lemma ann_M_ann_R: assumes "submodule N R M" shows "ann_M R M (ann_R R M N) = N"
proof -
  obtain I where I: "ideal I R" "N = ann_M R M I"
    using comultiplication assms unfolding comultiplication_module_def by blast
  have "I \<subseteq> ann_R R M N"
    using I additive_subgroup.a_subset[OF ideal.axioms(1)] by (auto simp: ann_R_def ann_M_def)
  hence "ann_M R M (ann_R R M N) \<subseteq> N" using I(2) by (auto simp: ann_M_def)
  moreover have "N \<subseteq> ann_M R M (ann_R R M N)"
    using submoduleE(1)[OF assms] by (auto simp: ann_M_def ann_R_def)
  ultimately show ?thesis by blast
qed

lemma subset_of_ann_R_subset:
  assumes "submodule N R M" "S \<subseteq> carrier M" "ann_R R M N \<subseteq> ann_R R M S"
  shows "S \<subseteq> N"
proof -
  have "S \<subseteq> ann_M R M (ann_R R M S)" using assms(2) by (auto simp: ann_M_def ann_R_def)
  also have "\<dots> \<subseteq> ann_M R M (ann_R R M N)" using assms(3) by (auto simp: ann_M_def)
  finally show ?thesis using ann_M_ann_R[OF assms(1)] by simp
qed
- - - - - - -
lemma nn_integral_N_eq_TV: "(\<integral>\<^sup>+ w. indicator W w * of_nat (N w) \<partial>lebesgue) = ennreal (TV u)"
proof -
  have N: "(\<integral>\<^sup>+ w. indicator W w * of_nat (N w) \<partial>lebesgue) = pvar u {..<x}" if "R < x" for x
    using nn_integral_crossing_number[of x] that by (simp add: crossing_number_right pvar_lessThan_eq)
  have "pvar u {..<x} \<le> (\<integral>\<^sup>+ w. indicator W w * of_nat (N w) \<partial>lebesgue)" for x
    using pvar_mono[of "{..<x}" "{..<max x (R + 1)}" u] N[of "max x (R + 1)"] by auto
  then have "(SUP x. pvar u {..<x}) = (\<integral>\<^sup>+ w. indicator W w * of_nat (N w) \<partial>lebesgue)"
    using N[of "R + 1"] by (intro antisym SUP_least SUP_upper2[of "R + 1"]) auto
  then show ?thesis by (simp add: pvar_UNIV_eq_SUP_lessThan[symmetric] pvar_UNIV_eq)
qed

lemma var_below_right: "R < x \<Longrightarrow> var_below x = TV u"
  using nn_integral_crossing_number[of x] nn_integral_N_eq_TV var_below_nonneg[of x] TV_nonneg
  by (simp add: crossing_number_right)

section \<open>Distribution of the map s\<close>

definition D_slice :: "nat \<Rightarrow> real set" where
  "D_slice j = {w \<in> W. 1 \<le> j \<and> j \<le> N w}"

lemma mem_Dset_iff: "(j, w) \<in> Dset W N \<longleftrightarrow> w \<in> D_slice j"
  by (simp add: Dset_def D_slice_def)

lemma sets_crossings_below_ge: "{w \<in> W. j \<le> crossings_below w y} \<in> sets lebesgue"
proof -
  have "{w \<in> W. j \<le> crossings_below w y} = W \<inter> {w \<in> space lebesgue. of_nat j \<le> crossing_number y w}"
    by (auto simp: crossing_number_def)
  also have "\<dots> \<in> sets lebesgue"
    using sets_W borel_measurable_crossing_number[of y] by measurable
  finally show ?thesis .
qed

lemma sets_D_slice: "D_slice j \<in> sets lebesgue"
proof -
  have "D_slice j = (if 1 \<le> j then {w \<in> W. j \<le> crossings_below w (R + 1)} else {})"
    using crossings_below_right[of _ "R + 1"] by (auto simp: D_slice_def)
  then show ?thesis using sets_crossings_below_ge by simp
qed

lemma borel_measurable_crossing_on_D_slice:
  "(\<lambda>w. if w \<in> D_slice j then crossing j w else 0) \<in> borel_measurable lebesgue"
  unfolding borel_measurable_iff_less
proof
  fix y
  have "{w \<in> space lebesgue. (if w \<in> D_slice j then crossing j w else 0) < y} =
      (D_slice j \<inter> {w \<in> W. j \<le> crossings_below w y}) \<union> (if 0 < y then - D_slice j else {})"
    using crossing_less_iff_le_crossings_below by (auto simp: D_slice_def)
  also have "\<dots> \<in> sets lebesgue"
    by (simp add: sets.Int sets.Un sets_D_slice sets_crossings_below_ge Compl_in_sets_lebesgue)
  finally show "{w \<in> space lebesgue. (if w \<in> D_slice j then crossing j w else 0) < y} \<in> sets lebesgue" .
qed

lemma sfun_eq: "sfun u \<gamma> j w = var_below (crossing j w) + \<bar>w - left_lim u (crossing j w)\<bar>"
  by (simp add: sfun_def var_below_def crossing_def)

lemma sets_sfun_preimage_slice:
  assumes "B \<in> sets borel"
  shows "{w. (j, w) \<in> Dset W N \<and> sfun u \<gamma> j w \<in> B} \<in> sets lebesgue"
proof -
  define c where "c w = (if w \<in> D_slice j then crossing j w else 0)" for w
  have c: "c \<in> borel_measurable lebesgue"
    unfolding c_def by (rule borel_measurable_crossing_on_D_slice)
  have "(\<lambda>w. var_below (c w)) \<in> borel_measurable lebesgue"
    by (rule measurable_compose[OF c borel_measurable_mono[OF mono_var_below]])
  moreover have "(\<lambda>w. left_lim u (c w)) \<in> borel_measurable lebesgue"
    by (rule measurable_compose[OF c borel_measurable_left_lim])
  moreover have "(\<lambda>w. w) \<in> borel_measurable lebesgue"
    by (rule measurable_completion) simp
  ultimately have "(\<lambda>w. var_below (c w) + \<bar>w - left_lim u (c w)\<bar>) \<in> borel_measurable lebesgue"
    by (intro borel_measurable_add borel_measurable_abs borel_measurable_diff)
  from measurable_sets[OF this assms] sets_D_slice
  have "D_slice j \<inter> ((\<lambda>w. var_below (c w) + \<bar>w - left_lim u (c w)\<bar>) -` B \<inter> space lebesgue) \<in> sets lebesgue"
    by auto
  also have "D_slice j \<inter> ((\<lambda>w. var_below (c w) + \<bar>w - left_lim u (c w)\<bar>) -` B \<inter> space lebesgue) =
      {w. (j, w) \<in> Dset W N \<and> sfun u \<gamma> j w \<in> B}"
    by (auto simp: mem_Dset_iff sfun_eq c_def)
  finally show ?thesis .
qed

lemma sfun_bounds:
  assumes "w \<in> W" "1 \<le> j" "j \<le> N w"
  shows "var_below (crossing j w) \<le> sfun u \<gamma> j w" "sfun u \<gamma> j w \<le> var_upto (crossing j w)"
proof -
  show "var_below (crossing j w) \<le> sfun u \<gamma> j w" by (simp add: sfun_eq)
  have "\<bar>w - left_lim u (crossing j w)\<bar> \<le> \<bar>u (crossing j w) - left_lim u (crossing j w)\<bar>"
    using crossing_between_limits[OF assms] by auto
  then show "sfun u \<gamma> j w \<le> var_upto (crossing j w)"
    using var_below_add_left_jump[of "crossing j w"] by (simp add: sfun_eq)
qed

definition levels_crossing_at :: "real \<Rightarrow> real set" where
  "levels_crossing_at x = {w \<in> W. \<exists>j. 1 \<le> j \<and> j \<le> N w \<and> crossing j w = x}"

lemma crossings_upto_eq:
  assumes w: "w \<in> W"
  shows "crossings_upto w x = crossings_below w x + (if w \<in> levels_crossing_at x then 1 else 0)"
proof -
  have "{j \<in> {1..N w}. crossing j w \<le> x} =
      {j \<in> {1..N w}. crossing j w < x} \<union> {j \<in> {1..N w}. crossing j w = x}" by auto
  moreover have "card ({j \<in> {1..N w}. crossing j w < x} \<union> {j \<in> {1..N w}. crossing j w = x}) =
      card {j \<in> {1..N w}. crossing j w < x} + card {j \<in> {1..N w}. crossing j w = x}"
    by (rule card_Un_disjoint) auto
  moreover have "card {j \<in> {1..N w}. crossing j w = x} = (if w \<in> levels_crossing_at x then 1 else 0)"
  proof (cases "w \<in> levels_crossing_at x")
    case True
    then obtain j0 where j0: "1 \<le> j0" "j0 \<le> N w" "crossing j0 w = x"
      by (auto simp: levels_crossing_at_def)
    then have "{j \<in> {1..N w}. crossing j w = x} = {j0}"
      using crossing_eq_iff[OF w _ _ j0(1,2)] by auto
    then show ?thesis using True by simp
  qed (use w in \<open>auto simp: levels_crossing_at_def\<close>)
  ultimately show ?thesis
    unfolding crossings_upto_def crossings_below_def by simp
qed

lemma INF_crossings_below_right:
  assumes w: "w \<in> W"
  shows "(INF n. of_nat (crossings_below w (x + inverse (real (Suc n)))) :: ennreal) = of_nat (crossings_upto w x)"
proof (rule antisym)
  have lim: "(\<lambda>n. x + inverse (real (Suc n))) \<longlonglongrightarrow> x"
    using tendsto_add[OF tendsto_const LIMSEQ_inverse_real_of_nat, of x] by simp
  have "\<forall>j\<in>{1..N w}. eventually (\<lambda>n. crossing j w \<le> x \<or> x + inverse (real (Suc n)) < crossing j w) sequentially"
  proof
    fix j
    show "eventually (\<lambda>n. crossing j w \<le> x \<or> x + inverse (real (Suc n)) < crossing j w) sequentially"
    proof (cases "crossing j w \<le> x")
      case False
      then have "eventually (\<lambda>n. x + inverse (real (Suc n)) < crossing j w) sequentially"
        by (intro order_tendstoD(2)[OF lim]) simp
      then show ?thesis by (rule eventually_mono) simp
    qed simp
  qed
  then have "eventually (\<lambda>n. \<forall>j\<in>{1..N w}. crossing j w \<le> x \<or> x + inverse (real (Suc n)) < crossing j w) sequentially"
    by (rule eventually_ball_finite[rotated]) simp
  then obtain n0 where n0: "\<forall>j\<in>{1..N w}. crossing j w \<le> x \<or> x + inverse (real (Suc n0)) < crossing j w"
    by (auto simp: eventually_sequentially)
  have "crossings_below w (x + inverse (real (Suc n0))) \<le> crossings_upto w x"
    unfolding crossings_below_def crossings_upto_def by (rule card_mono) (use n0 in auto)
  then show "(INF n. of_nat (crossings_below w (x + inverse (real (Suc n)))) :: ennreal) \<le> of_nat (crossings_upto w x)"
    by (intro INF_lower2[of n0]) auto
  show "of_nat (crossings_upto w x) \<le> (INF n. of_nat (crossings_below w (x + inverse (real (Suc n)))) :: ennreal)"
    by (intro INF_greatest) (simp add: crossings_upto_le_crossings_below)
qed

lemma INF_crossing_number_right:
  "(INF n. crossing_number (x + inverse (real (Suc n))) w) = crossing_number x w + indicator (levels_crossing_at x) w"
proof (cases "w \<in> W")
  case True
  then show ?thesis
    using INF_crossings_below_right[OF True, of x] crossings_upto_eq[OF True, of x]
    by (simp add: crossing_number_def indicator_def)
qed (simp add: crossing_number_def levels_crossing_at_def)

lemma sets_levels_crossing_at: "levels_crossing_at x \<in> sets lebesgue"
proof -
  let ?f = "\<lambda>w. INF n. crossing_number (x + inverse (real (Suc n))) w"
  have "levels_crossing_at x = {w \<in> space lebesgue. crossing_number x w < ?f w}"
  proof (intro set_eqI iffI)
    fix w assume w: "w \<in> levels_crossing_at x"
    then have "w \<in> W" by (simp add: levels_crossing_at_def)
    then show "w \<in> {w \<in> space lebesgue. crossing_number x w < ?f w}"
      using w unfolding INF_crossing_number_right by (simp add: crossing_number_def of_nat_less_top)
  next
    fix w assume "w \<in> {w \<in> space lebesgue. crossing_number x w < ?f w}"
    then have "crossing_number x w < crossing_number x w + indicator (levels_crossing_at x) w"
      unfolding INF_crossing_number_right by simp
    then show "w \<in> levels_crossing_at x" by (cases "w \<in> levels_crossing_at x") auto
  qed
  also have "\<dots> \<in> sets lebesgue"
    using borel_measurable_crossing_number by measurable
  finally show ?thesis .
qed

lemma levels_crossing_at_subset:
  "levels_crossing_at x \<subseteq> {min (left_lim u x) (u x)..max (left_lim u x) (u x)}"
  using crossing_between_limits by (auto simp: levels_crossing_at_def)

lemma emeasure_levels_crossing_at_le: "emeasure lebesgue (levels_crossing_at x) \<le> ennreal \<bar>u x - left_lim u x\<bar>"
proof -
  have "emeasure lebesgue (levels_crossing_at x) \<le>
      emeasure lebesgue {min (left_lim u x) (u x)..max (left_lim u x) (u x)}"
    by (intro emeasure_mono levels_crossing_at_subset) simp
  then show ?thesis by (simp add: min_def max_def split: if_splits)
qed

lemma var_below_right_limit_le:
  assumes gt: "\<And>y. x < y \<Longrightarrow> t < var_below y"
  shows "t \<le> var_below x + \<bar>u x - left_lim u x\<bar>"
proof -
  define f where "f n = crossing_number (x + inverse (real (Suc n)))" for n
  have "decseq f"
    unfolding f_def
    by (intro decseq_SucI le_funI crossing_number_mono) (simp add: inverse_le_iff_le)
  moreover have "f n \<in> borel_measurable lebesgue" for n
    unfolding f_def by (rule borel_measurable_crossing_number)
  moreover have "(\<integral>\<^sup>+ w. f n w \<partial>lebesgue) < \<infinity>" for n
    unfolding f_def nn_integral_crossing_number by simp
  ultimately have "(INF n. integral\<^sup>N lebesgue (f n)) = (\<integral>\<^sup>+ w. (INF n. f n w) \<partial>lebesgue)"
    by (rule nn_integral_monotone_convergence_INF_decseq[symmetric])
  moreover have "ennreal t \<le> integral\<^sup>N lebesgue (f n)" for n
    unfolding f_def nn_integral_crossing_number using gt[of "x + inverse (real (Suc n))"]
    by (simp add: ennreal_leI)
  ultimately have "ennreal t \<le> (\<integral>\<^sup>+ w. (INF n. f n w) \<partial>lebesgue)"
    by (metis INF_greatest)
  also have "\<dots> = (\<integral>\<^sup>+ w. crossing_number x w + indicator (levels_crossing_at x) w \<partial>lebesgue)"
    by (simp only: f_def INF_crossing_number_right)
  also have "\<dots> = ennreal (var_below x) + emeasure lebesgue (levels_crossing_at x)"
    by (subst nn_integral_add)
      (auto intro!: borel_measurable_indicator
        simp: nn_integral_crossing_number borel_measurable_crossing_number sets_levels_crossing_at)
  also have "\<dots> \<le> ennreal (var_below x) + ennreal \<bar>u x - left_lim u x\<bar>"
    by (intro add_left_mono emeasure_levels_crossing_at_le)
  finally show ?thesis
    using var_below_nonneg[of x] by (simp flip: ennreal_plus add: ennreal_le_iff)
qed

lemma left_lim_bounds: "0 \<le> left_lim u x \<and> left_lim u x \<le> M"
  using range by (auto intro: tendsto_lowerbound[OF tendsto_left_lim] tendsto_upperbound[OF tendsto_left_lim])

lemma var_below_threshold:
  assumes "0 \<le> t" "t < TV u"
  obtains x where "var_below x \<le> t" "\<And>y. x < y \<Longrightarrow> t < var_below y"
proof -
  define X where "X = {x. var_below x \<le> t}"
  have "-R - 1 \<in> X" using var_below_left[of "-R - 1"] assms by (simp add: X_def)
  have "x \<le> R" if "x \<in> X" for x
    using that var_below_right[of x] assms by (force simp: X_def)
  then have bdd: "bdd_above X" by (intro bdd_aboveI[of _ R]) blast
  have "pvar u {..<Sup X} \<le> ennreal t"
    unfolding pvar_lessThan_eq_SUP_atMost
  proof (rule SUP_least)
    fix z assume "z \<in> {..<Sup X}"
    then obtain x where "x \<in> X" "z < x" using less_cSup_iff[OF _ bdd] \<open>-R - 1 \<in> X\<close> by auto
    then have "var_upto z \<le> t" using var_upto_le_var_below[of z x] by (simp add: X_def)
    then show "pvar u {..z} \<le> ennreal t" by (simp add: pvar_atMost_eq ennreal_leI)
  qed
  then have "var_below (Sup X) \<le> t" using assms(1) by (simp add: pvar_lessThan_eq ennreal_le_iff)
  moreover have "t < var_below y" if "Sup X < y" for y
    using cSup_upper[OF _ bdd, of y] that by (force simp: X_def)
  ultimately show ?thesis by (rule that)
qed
- - - - - - -
State the number of lines in these entries that include the string "cases". Provide nothing beyond that number.

4